*** DATA SUPPLIED ***
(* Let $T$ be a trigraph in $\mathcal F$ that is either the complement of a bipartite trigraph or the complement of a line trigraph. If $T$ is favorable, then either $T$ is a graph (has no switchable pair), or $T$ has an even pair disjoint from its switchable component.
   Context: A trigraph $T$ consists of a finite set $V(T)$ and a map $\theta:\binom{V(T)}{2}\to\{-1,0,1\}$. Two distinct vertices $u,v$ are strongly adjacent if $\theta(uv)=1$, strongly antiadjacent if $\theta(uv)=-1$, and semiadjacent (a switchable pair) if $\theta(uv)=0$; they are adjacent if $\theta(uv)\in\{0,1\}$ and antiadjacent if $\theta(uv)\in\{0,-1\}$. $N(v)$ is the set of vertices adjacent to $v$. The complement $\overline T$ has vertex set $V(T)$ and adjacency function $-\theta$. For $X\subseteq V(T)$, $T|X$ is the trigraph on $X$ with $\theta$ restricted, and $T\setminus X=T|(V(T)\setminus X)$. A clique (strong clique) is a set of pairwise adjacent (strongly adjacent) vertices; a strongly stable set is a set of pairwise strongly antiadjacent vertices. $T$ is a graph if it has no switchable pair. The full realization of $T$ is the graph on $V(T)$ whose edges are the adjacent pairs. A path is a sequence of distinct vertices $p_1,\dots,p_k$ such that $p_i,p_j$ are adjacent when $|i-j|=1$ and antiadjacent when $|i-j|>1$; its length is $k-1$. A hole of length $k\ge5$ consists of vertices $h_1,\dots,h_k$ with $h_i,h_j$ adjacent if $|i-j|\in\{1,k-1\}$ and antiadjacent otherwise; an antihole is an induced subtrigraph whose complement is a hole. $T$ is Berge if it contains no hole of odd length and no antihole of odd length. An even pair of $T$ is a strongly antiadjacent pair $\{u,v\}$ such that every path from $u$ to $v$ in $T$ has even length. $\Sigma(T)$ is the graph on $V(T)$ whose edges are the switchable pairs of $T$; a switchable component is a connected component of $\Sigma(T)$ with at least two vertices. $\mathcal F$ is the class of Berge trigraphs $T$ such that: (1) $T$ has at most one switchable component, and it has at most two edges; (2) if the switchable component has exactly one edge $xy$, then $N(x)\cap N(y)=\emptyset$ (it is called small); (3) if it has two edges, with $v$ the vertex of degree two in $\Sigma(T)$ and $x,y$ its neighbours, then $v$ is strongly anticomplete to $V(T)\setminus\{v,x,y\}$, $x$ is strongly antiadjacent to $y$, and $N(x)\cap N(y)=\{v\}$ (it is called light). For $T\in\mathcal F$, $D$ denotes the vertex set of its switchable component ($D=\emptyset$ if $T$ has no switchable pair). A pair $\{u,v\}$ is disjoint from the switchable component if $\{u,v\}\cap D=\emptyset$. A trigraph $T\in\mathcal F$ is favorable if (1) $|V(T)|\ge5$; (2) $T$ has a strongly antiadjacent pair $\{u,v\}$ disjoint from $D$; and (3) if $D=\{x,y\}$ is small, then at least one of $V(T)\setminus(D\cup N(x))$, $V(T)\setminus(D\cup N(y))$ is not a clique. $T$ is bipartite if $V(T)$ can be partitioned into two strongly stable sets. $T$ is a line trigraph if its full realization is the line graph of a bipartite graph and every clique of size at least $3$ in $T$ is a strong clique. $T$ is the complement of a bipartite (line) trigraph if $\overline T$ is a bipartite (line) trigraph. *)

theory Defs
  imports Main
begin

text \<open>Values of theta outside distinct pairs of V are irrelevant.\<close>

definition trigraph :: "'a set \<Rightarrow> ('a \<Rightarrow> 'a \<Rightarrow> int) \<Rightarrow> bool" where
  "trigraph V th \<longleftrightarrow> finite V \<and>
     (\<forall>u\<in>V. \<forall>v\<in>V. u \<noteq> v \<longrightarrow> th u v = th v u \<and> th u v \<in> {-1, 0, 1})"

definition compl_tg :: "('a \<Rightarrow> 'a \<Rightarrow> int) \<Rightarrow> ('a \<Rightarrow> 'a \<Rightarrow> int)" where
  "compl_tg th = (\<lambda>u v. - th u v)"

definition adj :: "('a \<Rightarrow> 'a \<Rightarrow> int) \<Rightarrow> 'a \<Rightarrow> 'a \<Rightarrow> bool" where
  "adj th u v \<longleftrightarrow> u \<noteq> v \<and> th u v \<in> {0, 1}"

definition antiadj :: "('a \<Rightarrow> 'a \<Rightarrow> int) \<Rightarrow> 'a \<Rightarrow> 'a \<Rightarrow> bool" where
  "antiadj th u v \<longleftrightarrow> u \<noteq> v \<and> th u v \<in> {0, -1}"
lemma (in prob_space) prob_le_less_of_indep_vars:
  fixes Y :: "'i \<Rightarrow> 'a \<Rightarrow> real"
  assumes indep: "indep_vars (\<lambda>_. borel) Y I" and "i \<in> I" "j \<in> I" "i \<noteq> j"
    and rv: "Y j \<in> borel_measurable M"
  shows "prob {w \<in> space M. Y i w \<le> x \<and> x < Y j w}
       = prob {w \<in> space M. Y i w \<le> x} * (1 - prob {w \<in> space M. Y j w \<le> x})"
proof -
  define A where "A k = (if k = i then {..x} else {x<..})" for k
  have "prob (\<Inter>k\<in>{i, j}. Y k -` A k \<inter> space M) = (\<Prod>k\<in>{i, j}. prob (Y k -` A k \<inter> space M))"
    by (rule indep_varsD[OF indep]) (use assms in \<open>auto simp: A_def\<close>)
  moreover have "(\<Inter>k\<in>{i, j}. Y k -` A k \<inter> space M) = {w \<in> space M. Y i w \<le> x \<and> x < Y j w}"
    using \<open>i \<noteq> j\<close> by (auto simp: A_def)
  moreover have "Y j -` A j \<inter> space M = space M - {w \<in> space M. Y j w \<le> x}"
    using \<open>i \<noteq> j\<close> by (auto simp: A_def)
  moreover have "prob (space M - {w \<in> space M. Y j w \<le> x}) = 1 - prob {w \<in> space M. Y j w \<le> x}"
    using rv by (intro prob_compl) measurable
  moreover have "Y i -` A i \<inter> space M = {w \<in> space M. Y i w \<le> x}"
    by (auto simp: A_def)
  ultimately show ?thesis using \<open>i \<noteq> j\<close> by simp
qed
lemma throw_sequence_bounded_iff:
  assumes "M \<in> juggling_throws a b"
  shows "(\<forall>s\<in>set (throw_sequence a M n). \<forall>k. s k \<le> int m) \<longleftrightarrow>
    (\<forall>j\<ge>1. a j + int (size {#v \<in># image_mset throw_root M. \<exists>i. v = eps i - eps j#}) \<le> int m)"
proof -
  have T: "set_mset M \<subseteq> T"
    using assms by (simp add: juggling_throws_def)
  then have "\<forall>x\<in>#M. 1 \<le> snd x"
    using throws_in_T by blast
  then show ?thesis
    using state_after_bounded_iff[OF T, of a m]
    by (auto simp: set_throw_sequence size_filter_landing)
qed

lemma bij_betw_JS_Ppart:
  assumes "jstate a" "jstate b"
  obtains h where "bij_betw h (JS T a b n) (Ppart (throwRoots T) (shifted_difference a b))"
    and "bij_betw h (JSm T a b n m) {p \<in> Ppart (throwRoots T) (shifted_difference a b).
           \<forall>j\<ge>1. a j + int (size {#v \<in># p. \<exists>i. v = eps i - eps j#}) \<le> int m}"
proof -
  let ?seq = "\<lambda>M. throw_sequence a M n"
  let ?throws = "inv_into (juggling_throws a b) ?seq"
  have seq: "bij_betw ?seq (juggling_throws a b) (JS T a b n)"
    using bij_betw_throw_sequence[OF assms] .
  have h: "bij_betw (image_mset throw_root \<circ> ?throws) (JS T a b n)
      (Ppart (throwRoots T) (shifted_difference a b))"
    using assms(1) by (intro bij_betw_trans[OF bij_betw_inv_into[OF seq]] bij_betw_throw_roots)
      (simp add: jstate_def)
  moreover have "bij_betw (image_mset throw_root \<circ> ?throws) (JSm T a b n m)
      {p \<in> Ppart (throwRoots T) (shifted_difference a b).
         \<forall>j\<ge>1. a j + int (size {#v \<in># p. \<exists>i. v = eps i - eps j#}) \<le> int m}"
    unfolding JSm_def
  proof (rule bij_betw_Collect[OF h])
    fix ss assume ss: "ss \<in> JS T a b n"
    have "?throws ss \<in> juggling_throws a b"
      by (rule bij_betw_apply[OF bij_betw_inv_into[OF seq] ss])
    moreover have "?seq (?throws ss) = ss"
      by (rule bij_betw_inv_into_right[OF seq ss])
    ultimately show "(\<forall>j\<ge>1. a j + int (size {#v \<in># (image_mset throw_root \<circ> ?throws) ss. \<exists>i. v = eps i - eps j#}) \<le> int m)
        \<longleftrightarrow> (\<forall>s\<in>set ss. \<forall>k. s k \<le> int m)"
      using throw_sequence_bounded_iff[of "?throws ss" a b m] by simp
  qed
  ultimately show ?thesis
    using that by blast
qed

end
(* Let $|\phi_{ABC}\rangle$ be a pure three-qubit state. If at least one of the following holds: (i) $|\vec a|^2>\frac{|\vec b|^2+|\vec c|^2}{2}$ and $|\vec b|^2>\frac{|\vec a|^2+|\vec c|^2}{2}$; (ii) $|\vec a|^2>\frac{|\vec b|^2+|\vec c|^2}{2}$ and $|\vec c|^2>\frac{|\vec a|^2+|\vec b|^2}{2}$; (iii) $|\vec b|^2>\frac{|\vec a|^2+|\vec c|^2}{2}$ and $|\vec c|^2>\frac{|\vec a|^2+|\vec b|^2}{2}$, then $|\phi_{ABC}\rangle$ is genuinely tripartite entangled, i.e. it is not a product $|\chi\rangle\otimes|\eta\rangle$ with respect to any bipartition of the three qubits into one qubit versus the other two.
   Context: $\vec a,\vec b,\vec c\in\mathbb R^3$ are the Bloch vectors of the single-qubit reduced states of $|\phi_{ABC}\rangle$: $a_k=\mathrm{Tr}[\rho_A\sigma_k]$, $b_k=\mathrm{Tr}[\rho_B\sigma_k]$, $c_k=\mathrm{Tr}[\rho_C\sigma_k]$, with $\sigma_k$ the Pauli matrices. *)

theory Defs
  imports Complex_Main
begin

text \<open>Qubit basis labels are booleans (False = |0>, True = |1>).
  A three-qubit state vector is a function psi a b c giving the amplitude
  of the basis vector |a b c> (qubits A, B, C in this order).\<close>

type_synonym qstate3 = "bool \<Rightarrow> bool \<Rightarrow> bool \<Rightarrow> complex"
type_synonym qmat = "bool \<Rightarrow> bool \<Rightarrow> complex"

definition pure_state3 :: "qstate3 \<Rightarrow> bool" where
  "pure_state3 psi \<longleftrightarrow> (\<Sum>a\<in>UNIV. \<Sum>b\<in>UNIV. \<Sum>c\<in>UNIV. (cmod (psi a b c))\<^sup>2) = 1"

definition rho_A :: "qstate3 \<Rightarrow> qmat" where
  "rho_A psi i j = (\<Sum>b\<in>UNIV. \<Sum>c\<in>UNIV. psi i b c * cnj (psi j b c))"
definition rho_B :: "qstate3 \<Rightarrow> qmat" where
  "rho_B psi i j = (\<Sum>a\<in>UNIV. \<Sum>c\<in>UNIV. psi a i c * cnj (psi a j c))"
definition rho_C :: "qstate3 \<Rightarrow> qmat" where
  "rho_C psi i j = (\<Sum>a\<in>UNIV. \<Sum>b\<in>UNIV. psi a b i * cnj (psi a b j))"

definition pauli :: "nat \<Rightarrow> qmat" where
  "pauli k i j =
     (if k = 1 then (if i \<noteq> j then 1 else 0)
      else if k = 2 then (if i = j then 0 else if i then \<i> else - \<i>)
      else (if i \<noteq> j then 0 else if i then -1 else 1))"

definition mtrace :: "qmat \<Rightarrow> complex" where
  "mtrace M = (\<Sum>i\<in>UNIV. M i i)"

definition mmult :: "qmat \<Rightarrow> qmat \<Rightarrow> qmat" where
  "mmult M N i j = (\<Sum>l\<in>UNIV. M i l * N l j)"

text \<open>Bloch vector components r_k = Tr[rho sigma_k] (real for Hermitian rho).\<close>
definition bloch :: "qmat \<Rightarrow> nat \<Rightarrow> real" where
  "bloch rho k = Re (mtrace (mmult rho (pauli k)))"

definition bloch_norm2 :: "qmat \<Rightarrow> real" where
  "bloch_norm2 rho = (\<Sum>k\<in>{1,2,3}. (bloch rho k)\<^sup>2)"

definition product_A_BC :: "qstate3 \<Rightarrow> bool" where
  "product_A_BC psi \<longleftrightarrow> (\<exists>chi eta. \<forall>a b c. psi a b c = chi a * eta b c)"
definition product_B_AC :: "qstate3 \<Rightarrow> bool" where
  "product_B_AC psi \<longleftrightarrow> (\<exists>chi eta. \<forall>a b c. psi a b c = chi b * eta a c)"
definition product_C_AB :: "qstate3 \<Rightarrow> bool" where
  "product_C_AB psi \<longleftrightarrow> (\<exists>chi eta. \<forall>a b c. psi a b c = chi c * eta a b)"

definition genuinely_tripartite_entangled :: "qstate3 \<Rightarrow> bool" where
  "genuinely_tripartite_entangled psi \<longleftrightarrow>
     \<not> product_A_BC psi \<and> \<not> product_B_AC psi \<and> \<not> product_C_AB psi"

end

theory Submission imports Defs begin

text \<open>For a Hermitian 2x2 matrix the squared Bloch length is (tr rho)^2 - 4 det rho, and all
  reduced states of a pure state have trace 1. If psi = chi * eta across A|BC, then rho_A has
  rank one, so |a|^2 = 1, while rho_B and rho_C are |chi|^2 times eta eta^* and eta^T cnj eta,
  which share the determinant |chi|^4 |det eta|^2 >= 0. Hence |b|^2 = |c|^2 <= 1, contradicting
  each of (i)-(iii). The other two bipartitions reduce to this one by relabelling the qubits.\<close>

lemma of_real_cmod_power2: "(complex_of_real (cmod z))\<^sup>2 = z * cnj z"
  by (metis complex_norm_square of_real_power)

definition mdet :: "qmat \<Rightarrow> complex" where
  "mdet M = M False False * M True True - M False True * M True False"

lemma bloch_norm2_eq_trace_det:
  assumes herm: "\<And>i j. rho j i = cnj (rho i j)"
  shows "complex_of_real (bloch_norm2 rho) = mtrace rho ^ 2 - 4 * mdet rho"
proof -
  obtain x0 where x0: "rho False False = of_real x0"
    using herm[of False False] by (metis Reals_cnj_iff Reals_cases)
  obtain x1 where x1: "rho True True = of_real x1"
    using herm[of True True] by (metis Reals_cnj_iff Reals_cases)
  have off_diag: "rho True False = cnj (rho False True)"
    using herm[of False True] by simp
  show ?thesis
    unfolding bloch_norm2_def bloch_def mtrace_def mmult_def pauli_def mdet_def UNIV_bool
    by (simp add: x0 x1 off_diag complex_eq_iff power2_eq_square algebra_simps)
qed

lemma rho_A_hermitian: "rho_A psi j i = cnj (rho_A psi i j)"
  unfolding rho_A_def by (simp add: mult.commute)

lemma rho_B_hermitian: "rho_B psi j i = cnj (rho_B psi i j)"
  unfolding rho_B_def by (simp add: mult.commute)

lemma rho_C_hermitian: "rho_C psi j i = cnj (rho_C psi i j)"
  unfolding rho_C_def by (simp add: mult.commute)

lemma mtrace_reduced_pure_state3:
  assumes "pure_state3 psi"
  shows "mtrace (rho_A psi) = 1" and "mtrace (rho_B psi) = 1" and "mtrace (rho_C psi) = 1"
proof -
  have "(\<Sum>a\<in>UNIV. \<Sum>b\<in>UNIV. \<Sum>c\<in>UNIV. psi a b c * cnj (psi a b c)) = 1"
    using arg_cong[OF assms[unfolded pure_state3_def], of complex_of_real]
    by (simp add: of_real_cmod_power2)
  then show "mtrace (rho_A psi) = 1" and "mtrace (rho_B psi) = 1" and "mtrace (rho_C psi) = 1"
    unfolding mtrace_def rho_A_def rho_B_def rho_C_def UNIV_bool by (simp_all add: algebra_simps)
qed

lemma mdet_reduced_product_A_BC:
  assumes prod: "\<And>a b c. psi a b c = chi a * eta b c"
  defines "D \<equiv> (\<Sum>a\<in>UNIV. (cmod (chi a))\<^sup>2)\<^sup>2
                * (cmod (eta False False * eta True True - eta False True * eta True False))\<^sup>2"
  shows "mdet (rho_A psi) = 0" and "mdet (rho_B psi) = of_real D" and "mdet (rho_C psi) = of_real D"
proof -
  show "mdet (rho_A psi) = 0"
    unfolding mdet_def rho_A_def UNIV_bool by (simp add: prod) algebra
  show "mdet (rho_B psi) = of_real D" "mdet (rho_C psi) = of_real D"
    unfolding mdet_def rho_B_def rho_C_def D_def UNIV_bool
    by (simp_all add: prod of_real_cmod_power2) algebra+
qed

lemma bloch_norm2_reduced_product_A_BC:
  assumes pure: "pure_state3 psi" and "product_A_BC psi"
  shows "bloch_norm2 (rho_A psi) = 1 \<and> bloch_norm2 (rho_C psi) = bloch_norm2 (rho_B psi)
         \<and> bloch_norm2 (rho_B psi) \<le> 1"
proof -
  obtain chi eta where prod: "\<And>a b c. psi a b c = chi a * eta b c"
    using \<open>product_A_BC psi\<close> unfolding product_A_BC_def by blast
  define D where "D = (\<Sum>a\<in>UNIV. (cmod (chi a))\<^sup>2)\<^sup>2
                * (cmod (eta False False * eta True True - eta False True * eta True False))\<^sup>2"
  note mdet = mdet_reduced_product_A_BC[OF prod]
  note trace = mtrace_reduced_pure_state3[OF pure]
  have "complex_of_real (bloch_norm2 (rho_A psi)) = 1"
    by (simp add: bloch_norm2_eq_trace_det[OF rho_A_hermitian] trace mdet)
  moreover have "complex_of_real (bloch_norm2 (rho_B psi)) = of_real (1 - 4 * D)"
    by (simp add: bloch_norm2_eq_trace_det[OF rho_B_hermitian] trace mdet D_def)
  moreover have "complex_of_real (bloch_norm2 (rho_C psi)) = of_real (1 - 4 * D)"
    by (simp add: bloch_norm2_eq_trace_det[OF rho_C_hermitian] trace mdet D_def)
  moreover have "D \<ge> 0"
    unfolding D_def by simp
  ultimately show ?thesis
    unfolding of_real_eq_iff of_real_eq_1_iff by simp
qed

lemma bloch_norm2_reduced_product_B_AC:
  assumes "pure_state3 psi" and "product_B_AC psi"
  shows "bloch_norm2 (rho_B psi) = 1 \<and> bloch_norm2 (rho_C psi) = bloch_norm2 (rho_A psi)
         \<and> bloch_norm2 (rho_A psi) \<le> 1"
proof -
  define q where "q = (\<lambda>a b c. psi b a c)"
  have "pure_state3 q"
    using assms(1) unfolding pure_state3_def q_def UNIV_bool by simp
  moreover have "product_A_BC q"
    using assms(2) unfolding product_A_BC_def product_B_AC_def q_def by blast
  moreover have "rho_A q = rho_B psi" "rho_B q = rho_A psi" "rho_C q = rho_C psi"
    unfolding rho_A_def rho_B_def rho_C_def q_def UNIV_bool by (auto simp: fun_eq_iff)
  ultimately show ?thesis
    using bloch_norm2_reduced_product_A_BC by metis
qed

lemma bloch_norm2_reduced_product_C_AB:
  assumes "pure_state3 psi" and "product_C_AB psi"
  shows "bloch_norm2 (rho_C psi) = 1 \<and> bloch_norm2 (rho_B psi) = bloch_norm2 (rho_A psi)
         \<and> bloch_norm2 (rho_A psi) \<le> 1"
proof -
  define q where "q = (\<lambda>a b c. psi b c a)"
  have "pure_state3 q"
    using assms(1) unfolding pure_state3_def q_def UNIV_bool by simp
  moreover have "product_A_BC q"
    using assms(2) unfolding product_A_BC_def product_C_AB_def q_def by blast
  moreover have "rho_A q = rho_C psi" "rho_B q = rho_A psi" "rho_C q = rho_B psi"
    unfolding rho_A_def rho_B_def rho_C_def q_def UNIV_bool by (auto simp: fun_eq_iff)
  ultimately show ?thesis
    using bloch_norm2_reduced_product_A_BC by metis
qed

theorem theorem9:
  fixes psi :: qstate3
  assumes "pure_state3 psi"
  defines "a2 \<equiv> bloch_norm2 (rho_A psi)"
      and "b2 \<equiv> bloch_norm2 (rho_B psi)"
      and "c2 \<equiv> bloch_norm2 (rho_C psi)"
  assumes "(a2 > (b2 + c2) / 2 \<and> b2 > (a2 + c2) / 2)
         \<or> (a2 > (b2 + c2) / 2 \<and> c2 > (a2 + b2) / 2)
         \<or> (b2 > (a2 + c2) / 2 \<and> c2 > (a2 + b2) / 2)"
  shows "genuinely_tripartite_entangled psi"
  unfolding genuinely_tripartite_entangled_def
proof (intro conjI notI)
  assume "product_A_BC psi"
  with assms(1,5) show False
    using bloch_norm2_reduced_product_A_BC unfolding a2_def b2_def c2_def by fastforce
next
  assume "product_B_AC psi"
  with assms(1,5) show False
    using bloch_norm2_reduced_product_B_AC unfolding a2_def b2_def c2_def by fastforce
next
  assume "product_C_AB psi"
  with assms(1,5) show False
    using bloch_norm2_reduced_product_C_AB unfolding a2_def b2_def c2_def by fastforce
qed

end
*** End of DATA SUPPLIED ***
** WHAT YOU WILL DO **
Since only lines holding the word "else" matter, count them in the data above and report the number alone.

** ANSWER TO THIS EXERCISE **
4